What the task asks:
Would you please transcribe, exactly as written, the lines of the entries below starting at the one that holds "using assms(2,3) by" and ending at the one that holds "(* Let $\mathbf", both included?

Stored data
_ _ _
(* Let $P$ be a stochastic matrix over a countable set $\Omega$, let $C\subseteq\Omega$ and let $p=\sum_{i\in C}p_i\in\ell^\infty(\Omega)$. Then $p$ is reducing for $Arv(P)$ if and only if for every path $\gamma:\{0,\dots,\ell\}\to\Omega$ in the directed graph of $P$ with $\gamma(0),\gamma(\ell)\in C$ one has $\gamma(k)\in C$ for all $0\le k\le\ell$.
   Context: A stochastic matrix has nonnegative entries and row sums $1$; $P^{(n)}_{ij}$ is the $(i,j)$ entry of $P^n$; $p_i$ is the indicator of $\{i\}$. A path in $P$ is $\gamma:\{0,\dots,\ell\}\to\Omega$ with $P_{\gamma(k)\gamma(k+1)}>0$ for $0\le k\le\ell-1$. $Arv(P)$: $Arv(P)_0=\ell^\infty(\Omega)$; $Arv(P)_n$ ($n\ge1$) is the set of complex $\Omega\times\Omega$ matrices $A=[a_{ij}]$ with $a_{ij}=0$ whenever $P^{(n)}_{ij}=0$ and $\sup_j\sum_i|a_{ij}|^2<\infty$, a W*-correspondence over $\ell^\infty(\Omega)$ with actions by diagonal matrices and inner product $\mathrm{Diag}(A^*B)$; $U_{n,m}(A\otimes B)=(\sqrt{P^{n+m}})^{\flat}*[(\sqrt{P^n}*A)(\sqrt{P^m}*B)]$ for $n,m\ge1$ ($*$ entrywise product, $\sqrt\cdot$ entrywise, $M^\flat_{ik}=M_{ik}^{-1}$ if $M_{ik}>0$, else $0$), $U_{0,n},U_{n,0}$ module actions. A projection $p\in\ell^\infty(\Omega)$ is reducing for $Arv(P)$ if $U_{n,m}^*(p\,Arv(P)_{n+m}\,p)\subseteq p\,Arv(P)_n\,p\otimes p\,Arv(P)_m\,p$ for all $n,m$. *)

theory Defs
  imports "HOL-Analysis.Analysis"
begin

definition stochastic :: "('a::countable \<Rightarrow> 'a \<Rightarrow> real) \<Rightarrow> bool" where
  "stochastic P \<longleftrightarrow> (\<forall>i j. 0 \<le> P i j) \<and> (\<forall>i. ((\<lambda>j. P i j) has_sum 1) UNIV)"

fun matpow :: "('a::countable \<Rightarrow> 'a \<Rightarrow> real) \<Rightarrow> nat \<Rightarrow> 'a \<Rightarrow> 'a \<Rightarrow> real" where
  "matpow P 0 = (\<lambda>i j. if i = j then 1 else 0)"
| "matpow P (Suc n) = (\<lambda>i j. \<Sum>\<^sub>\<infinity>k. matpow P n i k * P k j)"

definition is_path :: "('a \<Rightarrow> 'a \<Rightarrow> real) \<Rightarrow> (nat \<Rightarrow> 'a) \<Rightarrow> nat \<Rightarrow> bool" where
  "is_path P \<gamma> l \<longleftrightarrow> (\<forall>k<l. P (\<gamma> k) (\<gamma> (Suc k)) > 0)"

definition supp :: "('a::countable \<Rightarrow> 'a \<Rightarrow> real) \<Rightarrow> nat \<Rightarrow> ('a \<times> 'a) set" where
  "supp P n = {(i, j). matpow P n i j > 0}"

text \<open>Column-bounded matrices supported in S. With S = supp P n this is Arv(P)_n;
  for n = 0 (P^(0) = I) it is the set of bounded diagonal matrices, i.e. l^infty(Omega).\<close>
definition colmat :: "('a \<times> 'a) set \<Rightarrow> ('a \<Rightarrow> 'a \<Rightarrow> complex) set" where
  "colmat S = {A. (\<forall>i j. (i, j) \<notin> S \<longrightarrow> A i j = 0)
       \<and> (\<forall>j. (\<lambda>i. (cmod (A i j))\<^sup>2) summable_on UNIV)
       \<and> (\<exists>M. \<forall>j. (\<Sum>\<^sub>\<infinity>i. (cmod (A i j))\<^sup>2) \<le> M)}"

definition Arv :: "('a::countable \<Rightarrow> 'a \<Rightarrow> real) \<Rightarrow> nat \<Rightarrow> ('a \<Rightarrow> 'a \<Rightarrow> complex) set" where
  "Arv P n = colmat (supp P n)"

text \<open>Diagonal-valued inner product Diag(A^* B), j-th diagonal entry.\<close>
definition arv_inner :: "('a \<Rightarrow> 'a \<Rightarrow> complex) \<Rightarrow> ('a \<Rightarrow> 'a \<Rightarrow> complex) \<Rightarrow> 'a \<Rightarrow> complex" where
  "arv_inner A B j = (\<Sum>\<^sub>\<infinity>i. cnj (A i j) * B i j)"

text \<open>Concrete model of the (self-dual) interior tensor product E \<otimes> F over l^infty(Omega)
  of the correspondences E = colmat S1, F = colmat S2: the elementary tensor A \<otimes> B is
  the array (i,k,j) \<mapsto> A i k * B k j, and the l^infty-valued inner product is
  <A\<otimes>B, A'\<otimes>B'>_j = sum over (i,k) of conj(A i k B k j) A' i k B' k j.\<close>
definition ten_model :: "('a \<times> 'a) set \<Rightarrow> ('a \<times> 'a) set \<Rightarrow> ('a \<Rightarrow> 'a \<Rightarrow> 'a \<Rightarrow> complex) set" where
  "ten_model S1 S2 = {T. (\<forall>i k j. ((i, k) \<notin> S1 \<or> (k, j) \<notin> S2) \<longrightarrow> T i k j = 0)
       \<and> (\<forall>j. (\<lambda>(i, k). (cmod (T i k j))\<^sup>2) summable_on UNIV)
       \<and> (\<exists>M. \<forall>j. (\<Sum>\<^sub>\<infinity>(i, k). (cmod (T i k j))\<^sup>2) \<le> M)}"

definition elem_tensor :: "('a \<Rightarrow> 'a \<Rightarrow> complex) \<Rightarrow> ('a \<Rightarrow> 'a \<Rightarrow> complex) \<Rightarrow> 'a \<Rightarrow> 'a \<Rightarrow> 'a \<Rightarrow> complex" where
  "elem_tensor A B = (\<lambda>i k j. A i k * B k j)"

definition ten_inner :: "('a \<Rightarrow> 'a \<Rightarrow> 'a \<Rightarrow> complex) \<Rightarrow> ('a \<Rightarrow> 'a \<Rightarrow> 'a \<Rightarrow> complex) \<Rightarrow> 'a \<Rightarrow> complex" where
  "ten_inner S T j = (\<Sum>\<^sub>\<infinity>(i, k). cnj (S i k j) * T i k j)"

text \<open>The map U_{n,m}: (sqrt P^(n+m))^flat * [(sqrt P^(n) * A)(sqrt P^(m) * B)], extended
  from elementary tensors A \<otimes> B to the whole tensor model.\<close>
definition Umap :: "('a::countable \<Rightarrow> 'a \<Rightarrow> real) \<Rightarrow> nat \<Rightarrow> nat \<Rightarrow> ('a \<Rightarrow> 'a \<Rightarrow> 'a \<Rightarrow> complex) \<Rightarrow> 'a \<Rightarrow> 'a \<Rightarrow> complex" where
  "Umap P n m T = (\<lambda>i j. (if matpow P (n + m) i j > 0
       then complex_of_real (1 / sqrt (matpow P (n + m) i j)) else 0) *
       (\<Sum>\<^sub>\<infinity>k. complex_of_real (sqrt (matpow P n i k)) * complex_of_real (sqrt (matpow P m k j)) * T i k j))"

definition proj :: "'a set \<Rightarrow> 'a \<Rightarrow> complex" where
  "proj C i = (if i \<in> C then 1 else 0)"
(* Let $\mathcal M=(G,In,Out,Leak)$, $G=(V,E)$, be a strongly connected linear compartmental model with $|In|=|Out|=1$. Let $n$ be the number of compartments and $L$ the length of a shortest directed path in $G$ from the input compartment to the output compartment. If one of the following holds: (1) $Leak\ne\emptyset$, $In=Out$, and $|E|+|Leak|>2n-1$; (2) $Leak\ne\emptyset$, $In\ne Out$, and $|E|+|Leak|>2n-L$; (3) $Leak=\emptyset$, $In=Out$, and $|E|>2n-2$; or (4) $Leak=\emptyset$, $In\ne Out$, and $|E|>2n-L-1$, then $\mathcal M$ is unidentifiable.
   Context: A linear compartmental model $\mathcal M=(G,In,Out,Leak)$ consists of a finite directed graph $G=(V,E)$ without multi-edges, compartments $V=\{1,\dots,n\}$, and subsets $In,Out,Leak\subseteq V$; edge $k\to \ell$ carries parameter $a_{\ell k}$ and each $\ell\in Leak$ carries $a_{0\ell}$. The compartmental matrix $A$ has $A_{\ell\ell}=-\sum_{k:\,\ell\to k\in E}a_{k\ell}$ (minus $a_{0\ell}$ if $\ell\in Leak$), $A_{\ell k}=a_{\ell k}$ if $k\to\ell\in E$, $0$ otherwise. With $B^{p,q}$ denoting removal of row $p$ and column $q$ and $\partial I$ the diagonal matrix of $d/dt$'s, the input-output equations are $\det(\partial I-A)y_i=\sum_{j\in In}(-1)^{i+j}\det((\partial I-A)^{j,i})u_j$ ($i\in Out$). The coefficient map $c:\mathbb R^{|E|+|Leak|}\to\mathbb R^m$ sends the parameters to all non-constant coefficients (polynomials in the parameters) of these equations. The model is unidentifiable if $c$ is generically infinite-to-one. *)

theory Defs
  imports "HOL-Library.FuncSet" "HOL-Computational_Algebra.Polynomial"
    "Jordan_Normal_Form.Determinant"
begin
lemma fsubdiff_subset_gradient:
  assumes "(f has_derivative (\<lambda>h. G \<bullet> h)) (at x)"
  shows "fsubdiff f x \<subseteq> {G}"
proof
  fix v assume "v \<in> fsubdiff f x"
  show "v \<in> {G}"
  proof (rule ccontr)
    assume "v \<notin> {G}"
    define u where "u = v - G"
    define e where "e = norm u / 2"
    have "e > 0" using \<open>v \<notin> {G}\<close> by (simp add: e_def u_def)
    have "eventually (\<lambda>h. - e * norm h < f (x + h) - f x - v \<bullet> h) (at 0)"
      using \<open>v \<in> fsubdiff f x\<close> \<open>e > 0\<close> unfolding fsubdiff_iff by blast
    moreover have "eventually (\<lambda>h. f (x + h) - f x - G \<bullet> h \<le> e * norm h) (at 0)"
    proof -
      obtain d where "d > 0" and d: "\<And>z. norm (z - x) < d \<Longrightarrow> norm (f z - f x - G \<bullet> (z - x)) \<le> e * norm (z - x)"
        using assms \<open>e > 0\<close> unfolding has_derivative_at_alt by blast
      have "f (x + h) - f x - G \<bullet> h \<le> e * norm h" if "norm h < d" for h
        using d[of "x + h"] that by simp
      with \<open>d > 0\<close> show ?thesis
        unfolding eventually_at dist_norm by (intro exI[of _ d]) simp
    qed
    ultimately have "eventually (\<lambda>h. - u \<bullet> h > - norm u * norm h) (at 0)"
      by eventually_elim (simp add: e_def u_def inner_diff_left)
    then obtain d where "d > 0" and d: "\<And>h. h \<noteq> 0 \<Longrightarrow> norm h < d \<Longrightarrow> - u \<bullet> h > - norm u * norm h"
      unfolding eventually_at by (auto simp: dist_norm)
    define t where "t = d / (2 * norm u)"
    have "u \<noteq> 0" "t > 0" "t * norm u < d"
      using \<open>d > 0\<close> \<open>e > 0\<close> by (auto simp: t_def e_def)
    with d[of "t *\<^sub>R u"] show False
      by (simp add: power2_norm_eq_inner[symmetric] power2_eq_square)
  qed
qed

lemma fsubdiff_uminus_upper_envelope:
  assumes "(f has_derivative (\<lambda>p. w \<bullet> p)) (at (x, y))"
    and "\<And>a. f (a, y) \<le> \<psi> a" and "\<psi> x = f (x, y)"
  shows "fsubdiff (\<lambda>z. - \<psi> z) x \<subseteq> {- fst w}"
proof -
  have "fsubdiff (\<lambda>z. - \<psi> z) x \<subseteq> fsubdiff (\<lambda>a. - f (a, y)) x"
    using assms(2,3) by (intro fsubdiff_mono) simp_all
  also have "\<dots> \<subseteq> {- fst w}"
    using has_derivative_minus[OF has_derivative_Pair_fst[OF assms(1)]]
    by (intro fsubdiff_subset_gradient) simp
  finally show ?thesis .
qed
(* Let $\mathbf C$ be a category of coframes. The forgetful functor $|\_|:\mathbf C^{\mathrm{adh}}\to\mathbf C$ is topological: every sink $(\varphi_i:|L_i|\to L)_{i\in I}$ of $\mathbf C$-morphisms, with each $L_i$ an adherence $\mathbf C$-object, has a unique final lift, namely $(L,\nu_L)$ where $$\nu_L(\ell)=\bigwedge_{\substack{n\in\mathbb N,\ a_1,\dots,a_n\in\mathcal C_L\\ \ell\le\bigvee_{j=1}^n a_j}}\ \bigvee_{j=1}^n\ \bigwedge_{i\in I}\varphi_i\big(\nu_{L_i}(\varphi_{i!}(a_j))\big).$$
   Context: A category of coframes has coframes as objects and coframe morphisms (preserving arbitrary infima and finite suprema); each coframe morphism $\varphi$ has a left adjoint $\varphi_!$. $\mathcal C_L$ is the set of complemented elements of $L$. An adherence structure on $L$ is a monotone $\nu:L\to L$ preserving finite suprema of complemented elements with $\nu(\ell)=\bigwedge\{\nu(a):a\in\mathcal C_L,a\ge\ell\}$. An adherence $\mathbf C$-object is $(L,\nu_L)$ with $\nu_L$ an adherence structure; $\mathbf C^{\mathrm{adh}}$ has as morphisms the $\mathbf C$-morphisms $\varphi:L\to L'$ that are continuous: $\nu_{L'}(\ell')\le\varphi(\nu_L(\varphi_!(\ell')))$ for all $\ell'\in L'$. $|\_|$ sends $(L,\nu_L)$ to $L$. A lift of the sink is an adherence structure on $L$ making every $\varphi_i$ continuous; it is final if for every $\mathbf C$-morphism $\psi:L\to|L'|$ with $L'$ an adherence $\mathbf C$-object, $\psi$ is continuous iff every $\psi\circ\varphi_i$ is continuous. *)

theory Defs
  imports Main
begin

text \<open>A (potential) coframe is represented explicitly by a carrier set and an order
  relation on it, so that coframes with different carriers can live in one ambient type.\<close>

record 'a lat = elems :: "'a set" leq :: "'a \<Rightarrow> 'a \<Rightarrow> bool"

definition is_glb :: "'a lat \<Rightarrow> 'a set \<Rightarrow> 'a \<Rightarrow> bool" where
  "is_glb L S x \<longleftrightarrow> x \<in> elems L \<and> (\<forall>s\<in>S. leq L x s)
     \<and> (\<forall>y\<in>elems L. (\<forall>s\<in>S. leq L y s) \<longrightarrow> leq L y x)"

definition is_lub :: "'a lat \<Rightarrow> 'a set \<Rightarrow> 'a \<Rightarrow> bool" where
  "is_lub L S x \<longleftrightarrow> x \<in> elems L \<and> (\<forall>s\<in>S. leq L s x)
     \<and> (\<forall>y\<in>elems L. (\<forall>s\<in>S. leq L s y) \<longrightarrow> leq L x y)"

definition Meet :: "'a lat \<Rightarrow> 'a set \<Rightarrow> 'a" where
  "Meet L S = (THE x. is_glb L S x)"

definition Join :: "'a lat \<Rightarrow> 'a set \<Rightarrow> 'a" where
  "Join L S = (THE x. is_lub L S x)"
_ _ _
Task answer:
    using assms(2,3) by (intro fsubdiff_mono) simp_all
  also have "\<dots> \<subseteq> {- fst w}"
    using has_derivative_minus[OF has_derivative_Pair_fst[OF assms(1)]]
    by (intro fsubdiff_subset_gradient) simp
  finally show ?thesis .
qed
(* Let $\mathbf C$ be a category of coframes. The forgetful functor $|\_|:\mathbf C^{\mathrm{adh}}\to\mathbf C$ is topological: every sink $(\varphi_i:|L_i|\to L)_{i\in I}$ of $\mathbf C$-morphisms, with each $L_i$ an adherence $\mathbf C$-object, has a unique final lift, namely $(L,\nu_L)$ where $$\nu_L(\ell)=\bigwedge_{\substack{n\in\mathbb N,\ a_1,\dots,a_n\in\mathcal C_L\\ \ell\le\bigvee_{j=1}^n a_j}}\ \bigvee_{j=1}^n\ \bigwedge_{i\in I}\varphi_i\big(\nu_{L_i}(\varphi_{i!}(a_j))\big).$$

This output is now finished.